Education was a major concern for Karen and David when making the move. Their four youngest attend St. Augustine School, and Jessica will attend a college-prep high school in Maysville for her junior and senior years. She's being home schooled this year to help her get ready to take the SAT and ACT college entrance tests. Because she has already tested out of the high school English classes, Jessica is also taking a writing class at the local community college.

"School is really a fun time for them," Karen says of the kids who have grown up on farms. "When the tobacco comes in, they don't go to school. They have to help on the farm. In a farming community, high school is it. It's their last years of innocence, and then they're going to some hard, hard work. It's not that I want to say that they're not educated. It's not that they don't have goals. They're just different."

"They just have different goals," Jessica adds. "At the college, I see all the seniors that were at my high school last year, and they're going to be an electrician or something."

"Her writing class at the college is hard," Karen says. "She's paraphrasing Harvard essays about education, Martin Luther King. It's wonderful what they're bringing into education. It's only going to get better, but there's a transition that's taking place, and we're right in the middle of it."

Observing that "Lexington's coming up" and "Cincinnati's coming out," Karen believes farming as a way of life is in danger of disappearing. That makes her sad, but the up-side is that her family will probably be included in those who hang on to the farming life. All of the Swolsky children, including Ben, the youngest at age 5, say they don't want to live in a city when they grow up. Ben's first choice really is Sea World, but the farm is OK, too.

The location for Jake, 7, is still undecided.

"I want to live in Oklahoma on a ranch," he says. "Actually, I want to live in Washington. No, I want to live in North Dakota."

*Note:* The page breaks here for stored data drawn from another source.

lemma zero_notin_cycle_of_blaschke:
  "exact_period (blaschke a) z0 n \<Longrightarrow> z0 \<noteq> 0 \<Longrightarrow> 0 \<notin> cycle_of (blaschke a) z0 n"
  by (rule fixed_point_notin_cycle_of) simp_all

lemma cycle_of_blaschke_pole_free:
  assumes "exact_period (blaschke a) z0 n" and "z0 \<noteq> 0"
  shows "1 - cnj a * (blaschke a ^^ j) z0 \<noteq> 0"
proof
  assume "1 - cnj a * (blaschke a ^^ j) z0 = 0"
  then have "(blaschke a ^^ Suc j) z0 = 0"
    by (simp add: blaschke_pole)
  with funpow_in_cycle_of[OF assms(1)] zero_notin_cycle_of_blaschke[OF assms] show False
    by metis
qed

lemma basin_orbit_nonzero:
  assumes "exact_period (blaschke a) z0 n" and "z0 \<noteq> 0" and "z \<in> basin a z0 n"
  shows "(blaschke a ^^ m) z \<noteq> 0"
proof (rule orbit_avoids_fixed_point)
  show "(\<lambda>m. infdist ((blaschke a ^^ m) z) (cycle_of (blaschke a) z0 n)) \<longlonglongrightarrow> 0"
    using assms(3) by (simp add: basin_def)
qed (use assms finite_imp_closed[OF finite_cycle_of] self_in_cycle_of[OF assms(1)]
       zero_notin_cycle_of_blaschke in auto)

lemma isCont_circle_reflect: "z \<noteq> 0 \<Longrightarrow> isCont circle_reflect z"
  unfolding circle_reflect_def by (intro continuous_intros) simp

lemma tendsto_infdist_circle_reflect_cycle_of:
  assumes "exact_period (blaschke a) z0 n" and "z0 \<noteq> 0" and "z \<in> basin a z0 n"
  shows "(\<lambda>m. infdist ((blaschke a ^^ m) (circle_reflect z))
            (circle_reflect ` cycle_of (blaschke a) z0 n)) \<longlonglongrightarrow> 0"
  unfolding funpow_blaschke_circle_reflect
proof (rule tendsto_infdist_image[OF finite_cycle_of])
  show "(\<lambda>m. infdist ((blaschke a ^^ m) z) (cycle_of (blaschke a) z0 n)) \<longlonglongrightarrow> 0"
    using assms(3) by (simp add: basin_def)
qed (metis isCont_circle_reflect zero_notin_cycle_of_blaschke[OF assms(1,2)])

lemma circle_reflect_in_basin:
  assumes "exact_period (blaschke a) z0 n" and "z0 \<noteq> 0" and "z \<in> basin a z0 n"
    and symm: "circle_reflect ` cycle_of (blaschke a) z0 n = cycle_of (blaschke a) z0 n"
  shows "circle_reflect z \<in> basin a z0 n"
proof -
  have "1 - cnj a * (blaschke a ^^ m) (circle_reflect z) \<noteq> 0" for m
  proof
    define y where "y = (blaschke a ^^ m) z"
    assume "1 - cnj a * (blaschke a ^^ m) (circle_reflect z) = 0"
    then have "cnj a * inverse (cnj y) = 1"
      unfolding y_def funpow_blaschke_circle_reflect by (simp add: circle_reflect_def)
    then have "cnj a = cnj y"
      by (cases "y = 0") (simp_all add: field_simps)
    then have "y = a"
      by simp
    then have "(blaschke a ^^ Suc m) z = 0"
      by (simp add: y_def blaschke_def)
    with basin_orbit_nonzero[OF assms(1-3)] show False
      by blast
  qed
  with tendsto_infdist_circle_reflect_cycle_of[OF assms(1-3)] show ?thesis
    by (simp add: basin_def symm)
qed

lemma circle_reflect_in_cycle_of:
  assumes ep: "exact_period (blaschke a) z0 n" and "z0 \<noteq> 0"
    and "z \<in> basin a z0 n" and "circle_reflect z \<in> basin a z0 n"
  obtains k where "k < n" and "circle_reflect z0 = (blaschke a ^^ k) z0"
proof -
  let ?C = "cycle_of (blaschke a) z0 n"
  have "?C \<inter> circle_reflect ` ?C \<noteq> {}"
  proof (rule Int_nonempty_if_infdist_tendsto_0)
    show "(\<lambda>m. infdist ((blaschke a ^^ m) (circle_reflect z)) ?C) \<longlonglongrightarrow> 0"
      using assms(4) by (simp add: basin_def)
  qed (use tendsto_infdist_circle_reflect_cycle_of[OF assms(1-3)] self_in_cycle_of[OF ep]
         finite_cycle_of in auto)
  then obtain i j where "i < n" and ij: "circle_reflect ((blaschke a ^^ i) z0) = (blaschke a ^^ j) z0"
    unfolding cycle_of_def by auto
  have "circle_reflect z0 = circle_reflect ((blaschke a ^^ (n - i + i)) z0)"
    using ep \<open>i < n\<close> by (simp add: exact_period_def)
  also have "\<dots> = (blaschke a ^^ (n - i)) (circle_reflect ((blaschke a ^^ i) z0))"
    by (simp add: funpow_add funpow_blaschke_circle_reflect)
  also have "\<dots> = (blaschke a ^^ (n - i + j)) z0"
    by (simp add: ij funpow_add)
  also have "\<dots> = (blaschke a ^^ ((n - i + j) mod n)) z0"
    using ep by (simp add: exact_period_def funpow_mod_eq)
  finally show ?thesis
    using that[of "(n - i + j) mod n"] ep by (simp add: exact_period_def)
qed

lemma blaschke_field_differentiable:
  "1 - cnj a * z \<noteq> 0 \<Longrightarrow> blaschke a field_differentiable at z"
  unfolding blaschke_def[abs_def] by (auto intro!: derivative_intros)

lemma funpow_blaschke_field_differentiable:
  assumes "\<And>j. 1 - cnj a * (blaschke a ^^ j) z \<noteq> 0"
  shows "(blaschke a ^^ m) field_differentiable at z"
proof (induction m)
  case (Suc m)
  then have "(blaschke a \<circ> (blaschke a ^^ m)) field_differentiable at z"
    using field_differentiable_compose blaschke_field_differentiable assms by blast
  then show ?case by (simp add: o_def)
qed (simp add: field_differentiable_ident id_def)

lemma deriv_blaschke_0: "deriv (blaschke a) 0 = 0"
proof -
  have "((\<lambda>z. z ^ 3 * (z - a) / (1 - cnj a * z)) has_field_derivative 0) (at 0)"
    by (rule derivative_eq_intros refl | simp)+
  then show ?thesis
    unfolding blaschke_def[abs_def] by (rule DERIV_imp_deriv)
qed

lemma multiplier_blaschke_0:
  assumes "n > 0"
  shows "multiplier (blaschke a) 0 n = 0"
proof -
  obtain m where n: "n = Suc m"
    using assms by (cases n) auto
  have "(blaschke a ^^ m) field_differentiable at (blaschke a 0)"
    by (intro funpow_blaschke_field_differentiable) (simp add: funpow_fixed_point)
  then have "deriv ((blaschke a ^^ m) \<circ> blaschke a) 0 = 0"
    by (simp add: deriv_chain blaschke_field_differentiable deriv_blaschke_0)
  then show ?thesis
    unfolding multiplier_def n funpow_Suc_right .
qed

text \<open>Differentiating \<open>circle_reflect \<circ> g = g \<circ> circle_reflect\<close>, written as
  \<open>inverse \<circ> g = cnj \<circ> g \<circ> cnj \<circ> inverse\<close>.\<close>
lemma deriv_at_circle_reflect:
  fixes g :: "complex \<Rightarrow> complex"
  assumes comm: "\<And>z. g (circle_reflect z) = circle_reflect (g z)"
    and "g field_differentiable at z" and "g field_differentiable at (circle_reflect z)"
    and "z \<noteq> 0" and "g z \<noteq> 0"
  shows "cnj (deriv g (circle_reflect z)) = deriv g z * z\<^sup>2 / (g z)\<^sup>2"
proof -
  have "((cnj \<circ> g \<circ> cnj) has_field_derivative cnj (deriv g (circle_reflect z))) (at (inverse z))"
    using assms(3) by (intro has_field_derivative_cnj_cnj)
      (simp add: circle_reflect_def DERIV_deriv_iff_field_differentiable)
  from DERIV_chain[OF this DERIV_inverse[OF \<open>z \<noteq> 0\<close>]]
  have "((\<lambda>w. inverse (g w)) has_field_derivative
          cnj (deriv g (circle_reflect z)) * - (inverse z ^ Suc (Suc 0))) (at z)"
    using comm by (simp add: o_def circle_reflect_def)
  moreover have "((\<lambda>w. inverse (g w)) has_field_derivative
          - (deriv g z * inverse (g z ^ Suc (Suc 0)))) (at z)"
    using assms(2,5) by (intro DERIV_inverse_fun) (simp_all add: DERIV_deriv_iff_field_differentiable)
  ultimately have "cnj (deriv g (circle_reflect z)) * - (inverse z ^ Suc (Suc 0)) =
      - (deriv g z * inverse (g z ^ Suc (Suc 0)))"
    by (rule DERIV_unique)
  with assms(4,5) show ?thesis
    by (simp add: field_simps numeral_2_eq_2)
qed

lemma deriv_mult_deriv_if_circle_reflect:
  fixes g :: "complex \<Rightarrow> complex"
  assumes comm: "\<And>z. g (circle_reflect z) = circle_reflect (g z)"
    and dz: "g field_differentiable at z" and dgz: "g field_differentiable at (g z)"
    and "z \<noteq> 0" and gz: "g z = circle_reflect z"
  shows "deriv g (g z) * deriv g z = of_real ((cmod (deriv g z))\<^sup>2 * ((cmod z)\<^sup>2)\<^sup>2)"
proof -
  have "z\<^sup>2 / (g z)\<^sup>2 = (z * cnj z)\<^sup>2"
    unfolding gz circle_reflect_def by (simp add: divide_inverse power_inverse power_mult_distrib)
  also have "\<dots> = of_real (((cmod z)\<^sup>2)\<^sup>2)"
    by (metis complex_norm_square of_real_power)
  finally have modulus: "z\<^sup>2 / (g z)\<^sup>2 = of_real (((cmod z)\<^sup>2)\<^sup>2)" .
  have "cnj (deriv g (g z)) = deriv g z * z\<^sup>2 / (g z)\<^sup>2"
    using deriv_at_circle_reflect[OF comm dz] dgz gz \<open>z \<noteq> 0\<close> by simp
  then have "deriv g (g z) = cnj (deriv g z) * of_real (((cmod z)\<^sup>2)\<^sup>2)"
    unfolding times_divide_eq_right[symmetric] modulus
    by (metis complex_cnj_cnj complex_cnj_mult complex_cnj_complex_of_real)
  then show ?thesis
    using complex_norm_square[of "deriv g z"] by (simp add: mult_ac)
qed

lemma multiplier_nonneg_if_circle_reflect_swaps:
  assumes ep: "exact_period (blaschke a) z0 n" and "z0 \<noteq> 0"
    and "0 < k" and "k < n" and swap: "circle_reflect z0 = (blaschke a ^^ k) z0"
  shows "multiplier (blaschke a) z0 n \<in> \<real> \<and> Re (multiplier (blaschke a) z0 n) \<ge> 0"
proof -
  define g where "g = blaschke a ^^ k"
  have gz: "g z0 = circle_reflect z0"
    using swap by (simp add: g_def)
  then have "(blaschke a ^^ (k + k)) z0 = z0"
    by (simp add: g_def funpow_add funpow_blaschke_circle_reflect)
  with exact_period_eq_double[OF ep \<open>0 < k\<close> \<open>k < n\<close>] have n: "n = k + k" .
  have "1 - cnj a * (blaschke a ^^ j) (g z0) \<noteq> 0" for j
    using cycle_of_blaschke_pole_free[OF ep \<open>z0 \<noteq> 0\<close>, of "j + k"]
    by (simp add: g_def funpow_add)
  then have dz: "g field_differentiable at z0" and dgz: "g field_differentiable at (g z0)"
    unfolding g_def using cycle_of_blaschke_pole_free[OF ep \<open>z0 \<noteq> 0\<close>]
    by (simp_all add: funpow_blaschke_field_differentiable)
  have "multiplier (blaschke a) z0 n = deriv g (g z0) * deriv g z0"
    unfolding multiplier_def n funpow_add g_def[symmetric] using dz dgz by (rule deriv_chain)
  also have "\<dots> = of_real ((cmod (deriv g z0))\<^sup>2 * ((cmod z0)\<^sup>2)\<^sup>2)"
    using dz dgz \<open>z0 \<noteq> 0\<close> gz
    by (intro deriv_mult_deriv_if_circle_reflect) (simp_all add: g_def funpow_blaschke_circle_reflect)
  finally show ?thesis
    by simp
qed

lemma immediate_basin_subset_basin: "immediate_basin a z0 n \<subseteq> basin a z0 n"
  unfolding immediate_basin_def using connected_component_subset by blast

lemma circle_reflect_in_connected_component_basin:
  assumes ep: "exact_period (blaschke a) z0 n" and "z0 \<noteq> 0"
    and fixed: "circle_reflect z0 = z0" and w: "w \<in> cycle_of (blaschke a) z0 n"
    and z: "z \<in> connected_component_set (basin a z0 n) w"
  shows "circle_reflect z \<in> connected_component_set (basin a z0 n) w"
proof -
  define K where "K = connected_component_set (basin a z0 n) w"
  have fixed_cycle: "circle_reflect x = x" if "x \<in> cycle_of (blaschke a) z0 n" for x
    using that fixed unfolding cycle_of_def by (auto simp flip: funpow_blaschke_circle_reflect)
  have "w \<in> K"
    using z connected_component_eq_empty[of "basin a z0 n" w] connected_component_refl[of w]
    unfolding K_def by blast
  then have "w \<in> circle_reflect ` K"
    using fixed_cycle[OF w] by (metis image_eqI)
  moreover have "connected (circle_reflect ` K)"
  proof (rule connected_continuous_image)
    have "0 \<notin> K"
      using basin_orbit_nonzero[OF ep \<open>z0 \<noteq> 0\<close>, of _ 0] connected_component_subset
      unfolding K_def by fastforce
    then show "continuous_on K circle_reflect"
      unfolding circle_reflect_def by (intro continuous_intros) auto
  qed (simp add: K_def)
  moreover have "circle_reflect ` cycle_of (blaschke a) z0 n = cycle_of (blaschke a) z0 n"
    using fixed_cycle by simp
  then have "circle_reflect ` K \<subseteq> basin a z0 n"
    using circle_reflect_in_basin[OF ep \<open>z0 \<noteq> 0\<close>] connected_component_subset
    unfolding K_def by blast
  ultimately have "circle_reflect ` K \<subseteq> K"
    unfolding K_def by (rule connected_component_maximal)
  with z show ?thesis
    unfolding K_def by blast
qed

David and Karen say they want to build something to give their children, and it seems as though they already have. While they readily acknowledge that their decision wouldn't work for a lot of people, because it means a significant shift in priorities, serious sacrifices and a lot of backbreaking work, they can't imagine making any other choice.

"I wouldn't want it any other way right now," David says. "Although we do miss all of our friends, it's been a positive experience.

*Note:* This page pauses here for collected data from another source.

(* Let $n\geqslant 2$ and let $V_n$ be the set of integers $t$ such that there exist caterpillar trees $G$ (gene tree) and $S$ (species tree), both with $n$ leaves bijectively labeled by the same label set, for which $(G,S)$ has exactly $t$ coalescent histories. Then $$|V_n|\leqslant \frac12\left[\frac{1}{n}\binom{2n-2}{n-1}+\binom{n-1}{\lfloor (n-1)/2\rfloor}\right].$$
   Context: All trees are binary, rooted, leaf-labeled. A caterpillar tree is one in which some internal node is descended from all other internal nodes. For a caterpillar with $n$ leaves, internal nodes are numbered $1,\dots,n-1$ from the cherry (the internal node with exactly two descendant leaves) to the root, and internal edge $i$ is the edge immediately above node $i$, with an extra edge $n-1$ above the root. A coalescent history for a gene tree $G$ and species tree $S$ on the same label set is a map $h$ from internal nodes of $G$ to internal edges of $S$ such that (1) every label of a leaf below node $v$ of $G$ labels a leaf of $S$ below edge $h(v)$, and (2) if $v_2$ is descended from $v_1$ in $G$ then $h(v_2)$ is descended from $h(v_1)$ in $S$ (nodes and edges count as descended from themselves). *)

theory Defs
  imports Complex_Main "HOL-Library.FuncSet"
begin

datatype tree = Leaf nat | Node tree tree

fun leaves :: "tree \<Rightarrow> nat list" where
  "leaves (Leaf a) = [a]"
| "leaves (Node l r) = leaves l @ leaves r"

text \<open>Nodes are addressed by their path from the root (False = left, True = right).\<close>
fun subtree_at :: "tree \<Rightarrow> bool list \<Rightarrow> tree option" where
  "subtree_at t [] = Some t"
| "subtree_at (Node l r) (False # p) = subtree_at l p"
| "subtree_at (Node l r) (True # p) = subtree_at r p"
| "subtree_at (Leaf a) (_ # _) = None"

definition internal_nodes :: "tree \<Rightarrow> bool list set" where
  "internal_nodes t = {p. \<exists>l r. subtree_at t p = Some (Node l r)}"

definition desc :: "bool list \<Rightarrow> bool list \<Rightarrow> bool" where
  "desc v u \<longleftrightarrow> (\<exists>w. v = u @ w)"

definition clade :: "tree \<Rightarrow> bool list \<Rightarrow> nat set" where
  "clade t p = (case subtree_at t p of Some s \<Rightarrow> set (leaves s) | None \<Rightarrow> {})"

definition caterpillar :: "tree \<Rightarrow> bool" where
  "caterpillar t \<longleftrightarrow> (\<exists>c \<in> internal_nodes t. \<forall>u \<in> internal_nodes t. desc c u)"

text \<open>Internal edges of S are identified with the internal nodes immediately below
  them (the root carries the extra edge above it). A coalescent history maps internal
  nodes of G to internal edges of S.\<close>
definition coalescent_histories :: "tree \<Rightarrow> tree \<Rightarrow> (bool list \<Rightarrow> bool list) set" where
  "coalescent_histories G S =
    {h \<in> internal_nodes G \<rightarrow>\<^sub>E internal_nodes S.
       (\<forall>v \<in> internal_nodes G. clade G v \<subseteq> clade S (h v)) \<and>
       (\<forall>v1 \<in> internal_nodes G. \<forall>v2 \<in> internal_nodes G.
           desc v2 v1 \<longrightarrow> desc (h v2) (h v1))}"

definition V :: "nat \<Rightarrow> nat set" where
  "V n = {t. \<exists>G S. caterpillar G \<and> caterpillar S \<and>
              distinct (leaves G) \<and> distinct (leaves S) \<and>
              length (leaves G) = n \<and> length (leaves S) = n \<and>
              set (leaves G) = set (leaves S) \<and>
              card (coalescent_histories G S) = t}"

end

theory Submission
  imports Defs
begin

text \<open>For caterpillars G and S with n leaves put k = n - 1. A coalescent history is determined
  by the depths h 0 \<le> ... \<le> h (k - 1) of the species edges receiving the spine nodes of G,
  and the admissible sequences are exactly those below the sequence M of the deepest admissible
  edges, which itself satisfies M d \<le> d. So every history count is the number N(M) of
  subdiagonal sequences below some subdiagonal M. Conjugation of these sequences, viewed as
  Young diagrams, is an order-preserving involution, hence N is constant on its orbits and
  takes at most (C + F) / 2 values, where C = Catalan(k) counts all subdiagonal sequences
  (they are Dyck paths) and F counts the self-conjugate ones. A self-conjugate sequence is
  determined by the first k steps of its Dyck path, a ballot word of length k, and there are
  at most binomial(k, k div 2) of those.\<close>

lemma card_image_involution_le:
  assumes fin: "finite A"
    and inv: "\<And>x. x \<in> A \<Longrightarrow> \<phi> x \<in> A \<and> \<phi> (\<phi> x) = x \<and> f (\<phi> x) = f x"
  shows "2 * card (f ` A) \<le> card A + card {x \<in> A. \<phi> x = x}"
proof -
  define F where "F = {x \<in> A. \<phi> x = x}"
  define N where "N = A - F"
  have finF: "finite F" and finN: "finite N" using fin by (auto simp: F_def N_def)
  have "2 * card (f ` N) = (\<Sum>y \<in> f ` N. 2)" by simp
  also have "\<dots> \<le> (\<Sum>y \<in> f ` N. card {x \<in> N. f x = y})"
  proof (rule sum_mono)
    fix y assume "y \<in> f ` N"
    then obtain x where x: "x \<in> N" "f x = y" by blast
    then have "{x, \<phi> x} \<subseteq> {x \<in> N. f x = y}" "\<phi> x \<noteq> x"
      using inv[of x] by (auto simp: N_def F_def)
    then show "2 \<le> card {x \<in> N. f x = y}"
      using card_mono[OF _ \<open>{x, \<phi> x} \<subseteq> _\<close>] finN by fastforce
  qed
  also have "\<dots> = card N"
    using sum.image_gen[OF finN, of "\<lambda>_. 1::nat" f] by simp
  finally have "2 * card (f ` N) \<le> card N" .
  moreover have "card (f ` A) \<le> card F + card (f ` N)"
  proof -
    have "f ` A = f ` F \<union> f ` N" by (auto simp: F_def N_def)
    then have "card (f ` A) \<le> card (f ` F) + card (f ` N)" by (simp add: card_Un_le)
    then show ?thesis using card_image_le[OF finF, of f] by linarith
  qed
  moreover have "card A = card F + card N"
    using card_Un_disjoint[OF finF finN] by (simp add: F_def N_def Un_absorb1)
  ultimately show ?thesis by (simp add: F_def)
qed

lemma le_card_up_closed_iff:
  assumes U: "U \<subseteq> {..<k}" and up: "\<And>d d'. d \<in> U \<Longrightarrow> d \<le> d' \<Longrightarrow> d' < k \<Longrightarrow> d' \<in> U"
    and m: "1 \<le> m" "m \<le> k"
  shows "m \<le> card U \<longleftrightarrow> k - m \<in> U"
proof
  assume "k - m \<in> U"
  then have "{k-m..<k} \<subseteq> U" using up by auto
  then have "card {k-m..<k} \<le> card U" using U by (meson card_mono finite_lessThan finite_subset)
  then show "m \<le> card U" using m by simp
next
  assume "m \<le> card U"
  show "k - m \<in> U"
  proof (rule ccontr)
    assume "k - m \<notin> U"
    have "U \<subseteq> {k-m+1..<k}"
    proof
      fix d assume "d \<in> U"
      moreover have "k - m < k" using m by simp
      ultimately have "d < k" "\<not> d \<le> k - m" using U up[of d "k - m"] \<open>k - m \<notin> U\<close> by auto
      then show "d \<in> {k-m+1..<k}" by simp
    qed
    then have "card U \<le> card {k-m+1..<k}" by (intro card_mono) auto
    then show False using \<open>m \<le> card U\<close> m by simp
  qed
qed

section \<open>Ballot words\<close>

definition ups :: "bool list \<Rightarrow> nat" where
  "ups w = length (filter id w)"

definition ballot :: "bool list \<Rightarrow> bool" where
  "ballot w \<longleftrightarrow> (\<forall>j \<le> length w. j \<le> 2 * ups (take j w))"

fun ballot_paths :: "nat \<Rightarrow> nat \<Rightarrow> bool list list" where
  "ballot_paths 0 0 = [[]]"
| "ballot_paths (Suc u) 0 = map (\<lambda>w. w @ [True]) (ballot_paths u 0)"
| "ballot_paths 0 (Suc d) = []"
| "ballot_paths (Suc u) (Suc d) = (if d \<le> u then
      map (\<lambda>w. w @ [True]) (ballot_paths u (Suc d)) @ map (\<lambda>w. w @ [False]) (ballot_paths (Suc u) d)
    else [])"

lemma ballot_appendD: "ballot (w @ [x]) \<Longrightarrow> ballot w"
  unfolding ballot_def by (metis le_SucI length_append_singleton take_append take_eq_Nil2 append_Nil2 diff_is_0_eq')

lemma ballot_length_le: "ballot w \<Longrightarrow> length w \<le> 2 * ups w"
  unfolding ballot_def by (metis order_refl take_all)

lemma ups_le_length: "ups w \<le> length w"
  by (simp add: ups_def)

lemma ballot_in_ballot_paths:
  "ballot w \<Longrightarrow> length w = u + d \<Longrightarrow> ups w = u \<Longrightarrow> w \<in> set (ballot_paths u d)"
proof (induction w arbitrary: u d rule: rev_induct)
  case Nil
  then show ?case by simp
next
  case (snoc x w)
  have "ballot w" using snoc.prems(1) by (rule ballot_appendD)
  have "d \<le> u" using ballot_length_le[OF snoc.prems(1)] snoc.prems(2,3) by simp
  show ?case
  proof (cases x)
    case True
    then obtain u' where u: "u = Suc u'" using snoc.prems(3) by (cases u) (auto simp: ups_def)
    then have "w \<in> set (ballot_paths u' d)"
      using snoc.IH[OF \<open>ballot w\<close>] snoc.prems(2,3) True by (simp add: ups_def)
    then show ?thesis using u True \<open>d \<le> u\<close> by (cases d) auto
  next
    case False
    have "ups w = u" using snoc.prems(3) False by (simp add: ups_def)
    then obtain d' where d: "d = Suc d'"
      using snoc.prems(2) ups_le_length[of w] by (cases d) auto
    then have "w \<in> set (ballot_paths u d')"
      using snoc.IH[OF \<open>ballot w\<close>] snoc.prems(2) \<open>ups w = u\<close> by simp
    then show ?thesis using d False \<open>d \<le> u\<close> by (cases u) auto
  qed
qed

lemma length_ballot_paths_0: "length (ballot_paths u 0) = 1"
  by (induction u) auto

"We feel blessed when we come home or we're out there on a pretty day. As hard as the work is, I wouldn't trade it for the world — to be together as a family, to see the scenery that we see. Wow, this is really ours? It's a neat feeling." ©

The Things You Learn on a Farm
When the Swolsky family finished their first year of life on Sunrise Farm in Augusta, Ky., they shared this list with their friends and family in a 2006 Christmas letter:

Top 10 laughable (now, not then) moments of the year:
First week we were here the electricity went out for a week.

Filled up Mom's diesel truck with regular gas.

David and I backed up over two different dogs in the same week; this caused many raised eyebrows at the vet and one very large bill. Both are alive and well.

Morgan broke her arm falling off Ryan's dirt bike.

Ben stood too close to Ryan's baseball bat, needing several stitches. This also caused raised eyebrows at the ER; these events happened in the same week.

I fell from a very spooked horse, causing multiple bruises and scrapes.

We have a horse that thinks she's a dog, Ms. Lizzy, and often comes on the front porch for food.

We had a goat, Jimmy, which kept coming in the house to the kitchen looking for food. Key word is "had."

Jessica, Ryan and Morgan often had to remove the chickens from the mouth of the dogs.

Went through multiple water pumps supporting our cisterns. We do not have city water.